***** DATA TO EXAMINE

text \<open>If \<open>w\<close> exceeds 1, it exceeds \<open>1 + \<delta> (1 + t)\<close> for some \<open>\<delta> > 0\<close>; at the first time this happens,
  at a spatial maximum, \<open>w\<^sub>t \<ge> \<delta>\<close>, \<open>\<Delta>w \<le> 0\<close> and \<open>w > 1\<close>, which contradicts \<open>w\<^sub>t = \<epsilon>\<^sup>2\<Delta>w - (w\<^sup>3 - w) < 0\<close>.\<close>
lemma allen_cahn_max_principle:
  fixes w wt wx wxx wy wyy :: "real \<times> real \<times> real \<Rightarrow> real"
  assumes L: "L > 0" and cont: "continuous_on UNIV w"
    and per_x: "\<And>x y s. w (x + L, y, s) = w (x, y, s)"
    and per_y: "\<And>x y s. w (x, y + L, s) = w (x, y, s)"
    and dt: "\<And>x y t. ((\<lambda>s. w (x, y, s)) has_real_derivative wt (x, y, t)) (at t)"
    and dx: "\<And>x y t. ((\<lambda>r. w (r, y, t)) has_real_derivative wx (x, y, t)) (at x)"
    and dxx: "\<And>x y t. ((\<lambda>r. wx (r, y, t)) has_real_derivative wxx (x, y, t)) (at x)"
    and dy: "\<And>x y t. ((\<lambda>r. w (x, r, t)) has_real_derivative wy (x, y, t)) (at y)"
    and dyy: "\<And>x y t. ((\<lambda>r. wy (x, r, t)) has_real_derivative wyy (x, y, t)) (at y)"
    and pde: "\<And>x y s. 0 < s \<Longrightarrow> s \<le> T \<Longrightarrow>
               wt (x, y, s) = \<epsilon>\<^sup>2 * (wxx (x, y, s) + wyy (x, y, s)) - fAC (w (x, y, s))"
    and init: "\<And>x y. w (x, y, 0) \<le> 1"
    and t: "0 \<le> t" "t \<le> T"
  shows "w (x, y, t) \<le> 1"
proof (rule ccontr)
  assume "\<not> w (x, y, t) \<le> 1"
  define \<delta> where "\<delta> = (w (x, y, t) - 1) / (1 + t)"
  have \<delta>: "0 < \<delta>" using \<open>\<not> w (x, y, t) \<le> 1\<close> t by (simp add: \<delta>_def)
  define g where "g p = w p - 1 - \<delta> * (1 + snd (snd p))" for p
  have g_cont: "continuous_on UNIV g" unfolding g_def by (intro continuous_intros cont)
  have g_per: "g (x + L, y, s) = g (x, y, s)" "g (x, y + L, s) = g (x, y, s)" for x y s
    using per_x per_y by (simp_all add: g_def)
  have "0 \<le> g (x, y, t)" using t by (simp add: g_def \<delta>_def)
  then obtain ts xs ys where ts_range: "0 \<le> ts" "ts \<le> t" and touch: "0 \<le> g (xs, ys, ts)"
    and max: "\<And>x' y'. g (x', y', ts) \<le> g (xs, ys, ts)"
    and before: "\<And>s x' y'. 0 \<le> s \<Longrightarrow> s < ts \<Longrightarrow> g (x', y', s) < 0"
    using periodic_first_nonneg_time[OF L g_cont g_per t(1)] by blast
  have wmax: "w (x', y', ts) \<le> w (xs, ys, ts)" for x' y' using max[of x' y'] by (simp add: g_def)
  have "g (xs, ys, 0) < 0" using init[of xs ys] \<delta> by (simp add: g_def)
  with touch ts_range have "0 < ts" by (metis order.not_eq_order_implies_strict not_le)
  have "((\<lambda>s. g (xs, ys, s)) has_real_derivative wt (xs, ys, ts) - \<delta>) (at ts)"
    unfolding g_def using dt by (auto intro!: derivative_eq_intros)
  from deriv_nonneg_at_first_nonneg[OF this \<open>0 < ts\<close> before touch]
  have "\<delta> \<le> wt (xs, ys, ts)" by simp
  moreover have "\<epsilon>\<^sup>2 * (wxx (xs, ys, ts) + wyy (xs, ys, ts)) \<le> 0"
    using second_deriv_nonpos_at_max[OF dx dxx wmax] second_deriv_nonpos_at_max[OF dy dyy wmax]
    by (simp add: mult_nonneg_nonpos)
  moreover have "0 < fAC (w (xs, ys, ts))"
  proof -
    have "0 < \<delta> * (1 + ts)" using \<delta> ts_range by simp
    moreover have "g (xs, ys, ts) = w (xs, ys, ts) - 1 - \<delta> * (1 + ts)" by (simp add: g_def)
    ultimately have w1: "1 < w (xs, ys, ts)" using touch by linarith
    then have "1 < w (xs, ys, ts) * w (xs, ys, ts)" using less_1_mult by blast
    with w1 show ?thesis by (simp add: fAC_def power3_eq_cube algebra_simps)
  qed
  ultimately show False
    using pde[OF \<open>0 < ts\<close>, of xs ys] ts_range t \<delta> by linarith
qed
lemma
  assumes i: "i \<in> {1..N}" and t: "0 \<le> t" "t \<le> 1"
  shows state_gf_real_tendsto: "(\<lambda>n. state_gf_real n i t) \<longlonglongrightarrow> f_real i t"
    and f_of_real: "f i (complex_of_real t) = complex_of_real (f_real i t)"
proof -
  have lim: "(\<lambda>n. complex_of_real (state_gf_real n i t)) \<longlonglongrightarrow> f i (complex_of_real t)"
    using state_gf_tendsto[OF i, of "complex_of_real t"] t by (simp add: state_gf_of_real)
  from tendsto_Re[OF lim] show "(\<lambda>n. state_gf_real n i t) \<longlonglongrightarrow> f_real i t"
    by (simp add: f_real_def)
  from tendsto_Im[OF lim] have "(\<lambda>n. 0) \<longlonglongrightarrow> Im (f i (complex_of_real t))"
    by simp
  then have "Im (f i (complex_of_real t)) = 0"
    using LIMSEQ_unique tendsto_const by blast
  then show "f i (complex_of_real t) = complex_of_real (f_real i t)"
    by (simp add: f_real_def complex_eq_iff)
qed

**********
***** DATA TO EXAMINE

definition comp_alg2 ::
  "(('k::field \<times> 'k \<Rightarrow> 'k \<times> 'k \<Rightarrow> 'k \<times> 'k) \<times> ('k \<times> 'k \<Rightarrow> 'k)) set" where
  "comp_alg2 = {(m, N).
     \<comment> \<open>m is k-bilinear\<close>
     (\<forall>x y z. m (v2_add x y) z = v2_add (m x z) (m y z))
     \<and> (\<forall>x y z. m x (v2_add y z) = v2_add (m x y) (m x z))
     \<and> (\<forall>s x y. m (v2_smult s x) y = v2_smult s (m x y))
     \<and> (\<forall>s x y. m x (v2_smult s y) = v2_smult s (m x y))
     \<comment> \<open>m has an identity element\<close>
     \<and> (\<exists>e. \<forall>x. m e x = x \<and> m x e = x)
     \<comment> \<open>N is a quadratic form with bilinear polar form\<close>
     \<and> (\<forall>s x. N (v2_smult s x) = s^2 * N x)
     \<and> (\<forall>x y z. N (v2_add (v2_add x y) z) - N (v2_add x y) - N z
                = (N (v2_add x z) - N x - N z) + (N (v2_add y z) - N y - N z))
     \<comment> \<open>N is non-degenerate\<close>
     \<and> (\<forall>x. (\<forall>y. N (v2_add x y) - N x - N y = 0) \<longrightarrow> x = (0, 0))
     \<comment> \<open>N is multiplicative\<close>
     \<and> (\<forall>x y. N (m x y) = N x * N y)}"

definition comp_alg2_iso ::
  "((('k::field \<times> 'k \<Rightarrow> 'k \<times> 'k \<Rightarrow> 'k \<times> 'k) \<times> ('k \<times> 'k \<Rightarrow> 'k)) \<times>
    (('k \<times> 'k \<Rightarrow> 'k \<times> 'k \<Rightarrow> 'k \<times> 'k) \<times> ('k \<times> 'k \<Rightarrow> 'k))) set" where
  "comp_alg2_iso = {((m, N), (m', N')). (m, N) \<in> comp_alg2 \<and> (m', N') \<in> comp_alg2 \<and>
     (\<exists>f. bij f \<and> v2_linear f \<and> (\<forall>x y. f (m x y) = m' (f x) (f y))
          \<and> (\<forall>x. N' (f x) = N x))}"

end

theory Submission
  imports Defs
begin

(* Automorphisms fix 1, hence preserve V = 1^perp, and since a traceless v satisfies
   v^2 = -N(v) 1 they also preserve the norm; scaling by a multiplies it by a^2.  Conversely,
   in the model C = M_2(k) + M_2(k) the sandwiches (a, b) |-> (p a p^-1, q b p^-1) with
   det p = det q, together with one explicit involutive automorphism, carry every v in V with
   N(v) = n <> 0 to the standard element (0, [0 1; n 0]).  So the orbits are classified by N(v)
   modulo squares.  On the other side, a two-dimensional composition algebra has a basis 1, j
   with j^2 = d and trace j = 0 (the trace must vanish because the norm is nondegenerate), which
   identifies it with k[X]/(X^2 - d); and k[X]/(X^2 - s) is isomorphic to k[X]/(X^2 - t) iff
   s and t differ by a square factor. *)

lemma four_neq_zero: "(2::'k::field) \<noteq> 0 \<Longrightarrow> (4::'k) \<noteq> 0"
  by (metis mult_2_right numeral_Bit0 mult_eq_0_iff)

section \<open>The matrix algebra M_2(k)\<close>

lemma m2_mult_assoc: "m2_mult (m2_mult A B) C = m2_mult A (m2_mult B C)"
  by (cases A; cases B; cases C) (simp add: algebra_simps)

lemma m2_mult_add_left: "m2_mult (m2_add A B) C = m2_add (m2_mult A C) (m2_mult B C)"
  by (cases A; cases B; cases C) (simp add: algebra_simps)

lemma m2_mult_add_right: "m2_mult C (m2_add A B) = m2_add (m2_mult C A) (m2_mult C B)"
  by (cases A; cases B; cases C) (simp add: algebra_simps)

**********

=== ACTIVITY ===
Give back, exactly as written, the stretch from the line with "0 \<Longrightarrow> (4::'k)" through the line with "m2_add (m2_mult A", and no other lines from the records above.

=== RESPONSE TO THIS TASK ===
lemma four_neq_zero: "(2::'k::field) \<noteq> 0 \<Longrightarrow> (4::'k) \<noteq> 0"
  by (metis mult_2_right numeral_Bit0 mult_eq_0_iff)

section \<open>The matrix algebra M_2(k)\<close>

lemma m2_mult_assoc: "m2_mult (m2_mult A B) C = m2_mult A (m2_mult B C)"
  by (cases A; cases B; cases C) (simp add: algebra_simps)

lemma m2_mult_add_left: "m2_mult (m2_add A B) C = m2_add (m2_mult A C) (m2_mult B C)"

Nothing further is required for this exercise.